• _WORK REQUEST_: Below are some records. Return exactly the lines from the one with "proof (rule linearI)" to the one with "f (c *\<^sub>R", and nothing else.

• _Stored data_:

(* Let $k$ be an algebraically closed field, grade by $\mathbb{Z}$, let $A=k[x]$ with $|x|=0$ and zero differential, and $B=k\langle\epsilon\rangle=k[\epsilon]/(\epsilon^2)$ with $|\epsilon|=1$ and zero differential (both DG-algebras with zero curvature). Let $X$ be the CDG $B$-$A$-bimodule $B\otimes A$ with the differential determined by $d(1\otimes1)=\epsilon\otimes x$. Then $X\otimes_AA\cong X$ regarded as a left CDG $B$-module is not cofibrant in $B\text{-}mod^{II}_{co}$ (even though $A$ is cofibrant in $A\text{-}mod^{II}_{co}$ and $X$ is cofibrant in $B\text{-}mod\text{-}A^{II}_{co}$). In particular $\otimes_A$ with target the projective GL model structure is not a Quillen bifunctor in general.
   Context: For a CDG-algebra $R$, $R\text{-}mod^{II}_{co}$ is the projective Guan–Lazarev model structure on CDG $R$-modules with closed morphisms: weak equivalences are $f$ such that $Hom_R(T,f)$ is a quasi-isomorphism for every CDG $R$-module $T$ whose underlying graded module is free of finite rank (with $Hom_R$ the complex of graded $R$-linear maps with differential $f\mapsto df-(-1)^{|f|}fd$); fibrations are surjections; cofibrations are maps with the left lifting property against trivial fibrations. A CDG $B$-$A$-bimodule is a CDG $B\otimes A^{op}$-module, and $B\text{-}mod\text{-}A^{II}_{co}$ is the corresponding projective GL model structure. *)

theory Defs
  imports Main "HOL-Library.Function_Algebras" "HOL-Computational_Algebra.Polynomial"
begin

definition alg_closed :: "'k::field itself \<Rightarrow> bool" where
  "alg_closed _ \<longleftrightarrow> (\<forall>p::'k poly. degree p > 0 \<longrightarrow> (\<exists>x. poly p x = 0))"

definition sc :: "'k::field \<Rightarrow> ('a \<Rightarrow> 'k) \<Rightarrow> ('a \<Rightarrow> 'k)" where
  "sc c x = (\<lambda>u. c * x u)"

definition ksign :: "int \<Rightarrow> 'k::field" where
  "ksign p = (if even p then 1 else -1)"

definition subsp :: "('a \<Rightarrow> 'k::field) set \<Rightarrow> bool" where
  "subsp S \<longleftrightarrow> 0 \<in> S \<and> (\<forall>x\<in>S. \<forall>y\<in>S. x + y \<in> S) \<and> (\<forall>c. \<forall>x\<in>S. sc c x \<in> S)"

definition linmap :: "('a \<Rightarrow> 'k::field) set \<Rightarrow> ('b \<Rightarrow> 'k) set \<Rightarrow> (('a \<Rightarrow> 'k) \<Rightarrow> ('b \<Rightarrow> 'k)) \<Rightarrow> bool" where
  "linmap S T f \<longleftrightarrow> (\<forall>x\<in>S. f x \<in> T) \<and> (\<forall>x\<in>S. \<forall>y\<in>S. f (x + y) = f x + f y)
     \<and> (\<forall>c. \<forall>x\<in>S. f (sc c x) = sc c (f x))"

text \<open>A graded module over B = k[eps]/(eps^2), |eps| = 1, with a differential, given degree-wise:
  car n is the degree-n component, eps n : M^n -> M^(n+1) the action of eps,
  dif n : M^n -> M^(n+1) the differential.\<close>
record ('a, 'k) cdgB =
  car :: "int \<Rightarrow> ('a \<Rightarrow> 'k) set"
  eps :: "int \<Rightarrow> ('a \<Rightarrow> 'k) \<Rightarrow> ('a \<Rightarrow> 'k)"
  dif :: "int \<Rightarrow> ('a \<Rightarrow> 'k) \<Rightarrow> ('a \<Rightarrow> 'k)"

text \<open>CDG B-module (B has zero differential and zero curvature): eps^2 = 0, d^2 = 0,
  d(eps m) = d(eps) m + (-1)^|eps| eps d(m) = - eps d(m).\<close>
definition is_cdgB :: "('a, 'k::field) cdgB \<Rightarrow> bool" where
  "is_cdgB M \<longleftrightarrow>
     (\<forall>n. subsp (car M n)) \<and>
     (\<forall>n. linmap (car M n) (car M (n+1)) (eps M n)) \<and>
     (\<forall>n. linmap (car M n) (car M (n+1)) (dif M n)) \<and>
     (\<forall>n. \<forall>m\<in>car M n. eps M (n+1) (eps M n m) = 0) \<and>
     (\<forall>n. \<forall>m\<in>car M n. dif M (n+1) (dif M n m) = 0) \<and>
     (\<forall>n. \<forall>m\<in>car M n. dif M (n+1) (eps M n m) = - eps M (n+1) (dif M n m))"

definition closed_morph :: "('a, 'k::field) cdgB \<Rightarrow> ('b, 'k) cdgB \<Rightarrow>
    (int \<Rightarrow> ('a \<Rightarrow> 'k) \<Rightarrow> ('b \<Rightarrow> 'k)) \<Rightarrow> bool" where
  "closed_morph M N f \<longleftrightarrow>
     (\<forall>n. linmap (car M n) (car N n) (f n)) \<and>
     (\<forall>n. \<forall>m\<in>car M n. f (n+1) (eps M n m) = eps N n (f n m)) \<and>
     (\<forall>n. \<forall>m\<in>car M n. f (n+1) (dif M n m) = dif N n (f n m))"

---

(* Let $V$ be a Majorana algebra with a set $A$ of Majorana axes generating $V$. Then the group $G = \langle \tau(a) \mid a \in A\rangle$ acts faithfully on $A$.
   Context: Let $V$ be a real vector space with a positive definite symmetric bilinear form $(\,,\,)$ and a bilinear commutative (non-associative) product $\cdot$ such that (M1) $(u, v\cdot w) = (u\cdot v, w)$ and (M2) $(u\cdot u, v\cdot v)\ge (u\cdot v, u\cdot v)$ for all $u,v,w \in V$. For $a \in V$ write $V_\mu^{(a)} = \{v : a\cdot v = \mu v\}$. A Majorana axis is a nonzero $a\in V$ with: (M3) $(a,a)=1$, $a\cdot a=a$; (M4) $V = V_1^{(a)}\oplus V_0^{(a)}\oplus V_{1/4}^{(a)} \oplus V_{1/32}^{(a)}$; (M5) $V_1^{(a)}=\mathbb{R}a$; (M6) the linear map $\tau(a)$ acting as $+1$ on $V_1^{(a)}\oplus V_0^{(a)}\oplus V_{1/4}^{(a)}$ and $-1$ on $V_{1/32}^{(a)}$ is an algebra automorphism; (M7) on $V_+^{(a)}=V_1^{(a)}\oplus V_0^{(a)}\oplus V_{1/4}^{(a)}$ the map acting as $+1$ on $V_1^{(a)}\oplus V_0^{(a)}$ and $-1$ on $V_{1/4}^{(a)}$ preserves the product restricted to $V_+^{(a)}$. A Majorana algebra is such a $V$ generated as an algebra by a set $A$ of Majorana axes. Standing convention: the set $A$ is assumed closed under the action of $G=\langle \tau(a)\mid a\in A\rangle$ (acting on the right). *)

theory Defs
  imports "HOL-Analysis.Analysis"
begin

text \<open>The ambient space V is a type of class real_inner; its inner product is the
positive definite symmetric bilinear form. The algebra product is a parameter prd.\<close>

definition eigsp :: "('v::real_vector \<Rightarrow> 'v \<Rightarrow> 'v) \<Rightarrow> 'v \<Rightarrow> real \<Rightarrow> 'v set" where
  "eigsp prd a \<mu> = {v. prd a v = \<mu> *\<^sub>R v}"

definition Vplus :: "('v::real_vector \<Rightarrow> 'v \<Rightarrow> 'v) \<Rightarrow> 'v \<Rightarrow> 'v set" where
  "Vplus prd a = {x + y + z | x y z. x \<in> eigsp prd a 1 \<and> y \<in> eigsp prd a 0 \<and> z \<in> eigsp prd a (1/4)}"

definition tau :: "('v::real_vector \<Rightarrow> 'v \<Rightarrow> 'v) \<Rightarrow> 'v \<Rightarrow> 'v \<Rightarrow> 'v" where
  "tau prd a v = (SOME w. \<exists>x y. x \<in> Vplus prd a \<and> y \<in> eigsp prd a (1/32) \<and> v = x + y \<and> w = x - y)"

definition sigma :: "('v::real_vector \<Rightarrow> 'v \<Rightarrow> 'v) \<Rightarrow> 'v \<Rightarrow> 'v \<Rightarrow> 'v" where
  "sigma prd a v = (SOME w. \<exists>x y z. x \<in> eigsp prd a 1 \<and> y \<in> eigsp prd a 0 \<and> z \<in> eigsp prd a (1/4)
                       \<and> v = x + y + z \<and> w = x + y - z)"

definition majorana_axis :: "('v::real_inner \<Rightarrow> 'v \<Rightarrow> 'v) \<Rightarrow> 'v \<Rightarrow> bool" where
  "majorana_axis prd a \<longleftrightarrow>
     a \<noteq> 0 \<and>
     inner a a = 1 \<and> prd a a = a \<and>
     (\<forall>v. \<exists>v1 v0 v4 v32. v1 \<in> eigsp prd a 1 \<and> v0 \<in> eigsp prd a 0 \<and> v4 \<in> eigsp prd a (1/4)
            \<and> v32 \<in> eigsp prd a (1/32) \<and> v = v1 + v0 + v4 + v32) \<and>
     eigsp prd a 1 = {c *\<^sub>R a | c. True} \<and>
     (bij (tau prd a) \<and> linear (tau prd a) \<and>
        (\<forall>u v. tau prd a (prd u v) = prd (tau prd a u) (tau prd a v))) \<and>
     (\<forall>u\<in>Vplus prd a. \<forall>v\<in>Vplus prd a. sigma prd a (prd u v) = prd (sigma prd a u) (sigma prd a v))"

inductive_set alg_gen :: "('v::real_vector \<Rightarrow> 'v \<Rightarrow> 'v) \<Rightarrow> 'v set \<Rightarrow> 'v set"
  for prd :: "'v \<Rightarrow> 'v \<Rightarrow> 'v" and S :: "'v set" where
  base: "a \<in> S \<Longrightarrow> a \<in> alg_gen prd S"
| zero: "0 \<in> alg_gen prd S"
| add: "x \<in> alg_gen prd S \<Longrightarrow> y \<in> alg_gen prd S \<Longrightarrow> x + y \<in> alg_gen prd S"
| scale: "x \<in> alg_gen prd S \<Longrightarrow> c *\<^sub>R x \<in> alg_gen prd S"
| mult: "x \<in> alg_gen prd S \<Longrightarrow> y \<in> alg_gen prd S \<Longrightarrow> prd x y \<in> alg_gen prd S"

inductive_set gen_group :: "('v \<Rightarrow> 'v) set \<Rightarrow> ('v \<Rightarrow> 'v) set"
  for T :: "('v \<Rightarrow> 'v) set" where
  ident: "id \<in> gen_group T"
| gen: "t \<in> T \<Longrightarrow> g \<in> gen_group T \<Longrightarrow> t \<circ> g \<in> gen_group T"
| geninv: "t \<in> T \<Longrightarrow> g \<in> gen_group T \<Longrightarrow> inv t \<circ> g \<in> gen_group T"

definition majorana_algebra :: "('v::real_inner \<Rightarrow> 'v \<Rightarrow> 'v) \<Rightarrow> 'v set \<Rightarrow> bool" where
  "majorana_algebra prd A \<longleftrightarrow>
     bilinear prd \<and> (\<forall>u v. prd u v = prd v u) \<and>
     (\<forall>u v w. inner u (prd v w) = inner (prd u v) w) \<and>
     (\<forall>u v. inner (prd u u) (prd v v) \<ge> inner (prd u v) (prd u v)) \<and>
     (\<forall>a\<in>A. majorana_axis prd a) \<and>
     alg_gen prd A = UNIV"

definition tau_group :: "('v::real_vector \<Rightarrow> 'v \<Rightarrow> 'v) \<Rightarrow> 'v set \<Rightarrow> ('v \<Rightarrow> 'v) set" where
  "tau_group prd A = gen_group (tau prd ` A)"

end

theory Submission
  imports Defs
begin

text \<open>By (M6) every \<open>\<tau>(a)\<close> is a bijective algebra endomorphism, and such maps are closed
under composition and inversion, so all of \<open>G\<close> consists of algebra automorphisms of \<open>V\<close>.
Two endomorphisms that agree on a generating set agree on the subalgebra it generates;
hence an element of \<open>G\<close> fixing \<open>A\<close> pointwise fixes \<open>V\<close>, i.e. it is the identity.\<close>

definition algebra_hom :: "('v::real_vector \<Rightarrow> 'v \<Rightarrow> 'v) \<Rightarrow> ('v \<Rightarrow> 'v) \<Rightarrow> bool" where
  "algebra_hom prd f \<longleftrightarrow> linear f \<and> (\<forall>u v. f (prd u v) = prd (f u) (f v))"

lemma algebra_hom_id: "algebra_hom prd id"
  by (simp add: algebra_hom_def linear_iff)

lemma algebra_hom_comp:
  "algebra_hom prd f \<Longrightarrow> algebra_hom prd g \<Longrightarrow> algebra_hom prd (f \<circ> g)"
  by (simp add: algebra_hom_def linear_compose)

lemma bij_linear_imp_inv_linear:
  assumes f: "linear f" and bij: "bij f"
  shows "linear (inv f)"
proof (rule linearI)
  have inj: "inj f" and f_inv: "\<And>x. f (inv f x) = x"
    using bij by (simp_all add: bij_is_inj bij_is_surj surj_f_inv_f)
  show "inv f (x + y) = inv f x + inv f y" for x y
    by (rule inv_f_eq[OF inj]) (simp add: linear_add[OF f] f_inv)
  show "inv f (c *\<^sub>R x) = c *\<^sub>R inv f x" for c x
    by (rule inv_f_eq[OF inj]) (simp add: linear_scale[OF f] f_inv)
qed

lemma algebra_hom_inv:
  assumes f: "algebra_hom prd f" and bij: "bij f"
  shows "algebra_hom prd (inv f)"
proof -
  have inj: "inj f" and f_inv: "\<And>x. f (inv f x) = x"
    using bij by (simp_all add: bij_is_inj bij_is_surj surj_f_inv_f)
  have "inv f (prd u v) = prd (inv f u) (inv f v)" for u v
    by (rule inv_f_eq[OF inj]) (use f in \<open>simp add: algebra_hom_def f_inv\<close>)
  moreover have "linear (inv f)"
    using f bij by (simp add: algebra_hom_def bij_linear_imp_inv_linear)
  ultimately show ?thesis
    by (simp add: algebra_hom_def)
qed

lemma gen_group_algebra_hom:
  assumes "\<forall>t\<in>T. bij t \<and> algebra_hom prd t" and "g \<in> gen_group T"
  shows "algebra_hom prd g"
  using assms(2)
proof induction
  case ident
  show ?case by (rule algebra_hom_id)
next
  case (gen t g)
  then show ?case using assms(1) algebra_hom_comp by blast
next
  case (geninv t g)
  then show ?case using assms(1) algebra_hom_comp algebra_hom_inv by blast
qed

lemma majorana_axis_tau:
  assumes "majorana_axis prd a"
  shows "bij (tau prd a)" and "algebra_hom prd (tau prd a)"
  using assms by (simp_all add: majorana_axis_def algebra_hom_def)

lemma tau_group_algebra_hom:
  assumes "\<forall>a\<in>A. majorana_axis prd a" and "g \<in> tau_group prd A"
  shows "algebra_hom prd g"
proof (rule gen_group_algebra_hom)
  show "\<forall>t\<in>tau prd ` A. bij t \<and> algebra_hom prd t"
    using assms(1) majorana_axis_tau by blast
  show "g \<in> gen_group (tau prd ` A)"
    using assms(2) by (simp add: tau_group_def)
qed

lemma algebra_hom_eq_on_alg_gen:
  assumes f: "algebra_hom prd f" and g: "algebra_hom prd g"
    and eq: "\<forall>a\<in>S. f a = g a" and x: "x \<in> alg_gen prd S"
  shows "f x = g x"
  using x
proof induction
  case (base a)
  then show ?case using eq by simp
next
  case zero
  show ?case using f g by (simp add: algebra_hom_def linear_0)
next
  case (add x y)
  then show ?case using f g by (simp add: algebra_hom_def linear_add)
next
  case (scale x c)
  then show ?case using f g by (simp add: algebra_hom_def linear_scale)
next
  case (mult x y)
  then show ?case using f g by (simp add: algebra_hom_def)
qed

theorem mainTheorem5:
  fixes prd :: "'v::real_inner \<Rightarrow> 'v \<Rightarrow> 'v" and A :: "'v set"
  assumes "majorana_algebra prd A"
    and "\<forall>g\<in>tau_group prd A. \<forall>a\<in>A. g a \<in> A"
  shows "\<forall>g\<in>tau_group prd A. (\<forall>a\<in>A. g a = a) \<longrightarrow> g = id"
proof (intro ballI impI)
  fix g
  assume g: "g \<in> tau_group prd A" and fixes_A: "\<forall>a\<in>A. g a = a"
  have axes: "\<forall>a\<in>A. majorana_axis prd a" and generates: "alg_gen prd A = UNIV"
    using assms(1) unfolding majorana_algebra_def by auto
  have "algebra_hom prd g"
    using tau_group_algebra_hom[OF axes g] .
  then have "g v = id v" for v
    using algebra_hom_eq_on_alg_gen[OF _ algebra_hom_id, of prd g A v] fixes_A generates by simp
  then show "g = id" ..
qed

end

---

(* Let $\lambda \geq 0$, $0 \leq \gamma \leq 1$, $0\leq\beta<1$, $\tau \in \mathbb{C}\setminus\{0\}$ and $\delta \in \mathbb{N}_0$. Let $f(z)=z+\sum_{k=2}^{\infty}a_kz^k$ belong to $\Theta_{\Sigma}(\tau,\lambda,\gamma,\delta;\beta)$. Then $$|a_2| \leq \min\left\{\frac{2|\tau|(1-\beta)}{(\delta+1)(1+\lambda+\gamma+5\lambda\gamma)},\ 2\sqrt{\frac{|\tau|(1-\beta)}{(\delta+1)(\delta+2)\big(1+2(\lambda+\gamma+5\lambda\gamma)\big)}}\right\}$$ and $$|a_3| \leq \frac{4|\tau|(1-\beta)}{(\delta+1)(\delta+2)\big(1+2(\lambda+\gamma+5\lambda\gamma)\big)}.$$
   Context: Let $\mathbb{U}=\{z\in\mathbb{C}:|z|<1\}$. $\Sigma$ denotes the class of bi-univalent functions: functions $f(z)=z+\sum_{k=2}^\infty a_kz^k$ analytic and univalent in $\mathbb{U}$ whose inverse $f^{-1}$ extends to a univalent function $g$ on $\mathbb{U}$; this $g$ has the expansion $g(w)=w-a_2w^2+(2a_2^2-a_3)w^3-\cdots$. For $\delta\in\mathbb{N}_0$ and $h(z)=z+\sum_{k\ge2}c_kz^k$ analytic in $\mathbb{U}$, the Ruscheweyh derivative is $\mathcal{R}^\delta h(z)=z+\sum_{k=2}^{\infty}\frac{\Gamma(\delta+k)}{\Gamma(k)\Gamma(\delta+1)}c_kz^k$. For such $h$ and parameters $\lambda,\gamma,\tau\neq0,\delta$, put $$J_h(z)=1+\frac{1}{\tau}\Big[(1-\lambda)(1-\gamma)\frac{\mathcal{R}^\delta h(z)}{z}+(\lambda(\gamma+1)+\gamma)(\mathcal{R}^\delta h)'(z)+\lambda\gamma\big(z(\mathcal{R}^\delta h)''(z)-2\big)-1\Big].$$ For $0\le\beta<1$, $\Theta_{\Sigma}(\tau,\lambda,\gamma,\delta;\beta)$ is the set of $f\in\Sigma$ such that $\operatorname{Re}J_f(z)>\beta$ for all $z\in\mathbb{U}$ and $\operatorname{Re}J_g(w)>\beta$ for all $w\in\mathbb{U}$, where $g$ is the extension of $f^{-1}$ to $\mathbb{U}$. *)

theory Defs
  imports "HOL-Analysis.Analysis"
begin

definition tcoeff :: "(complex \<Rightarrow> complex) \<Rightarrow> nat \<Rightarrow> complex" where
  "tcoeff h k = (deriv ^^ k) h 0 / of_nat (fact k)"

• _TASK OUTPUT_:
proof (rule linearI)
  have inj: "inj f" and f_inv: "\<And>x. f (inv f x) = x"
    using bij by (simp_all add: bij_is_inj bij_is_surj surj_f_inv_f)
  show "inv f (x + y) = inv f x + inv f y" for x y
    by (rule inv_f_eq[OF inj]) (simp add: linear_add[OF f] f_inv)
  show "inv f (c *\<^sub>R x) = c *\<^sub>R inv f x" for c x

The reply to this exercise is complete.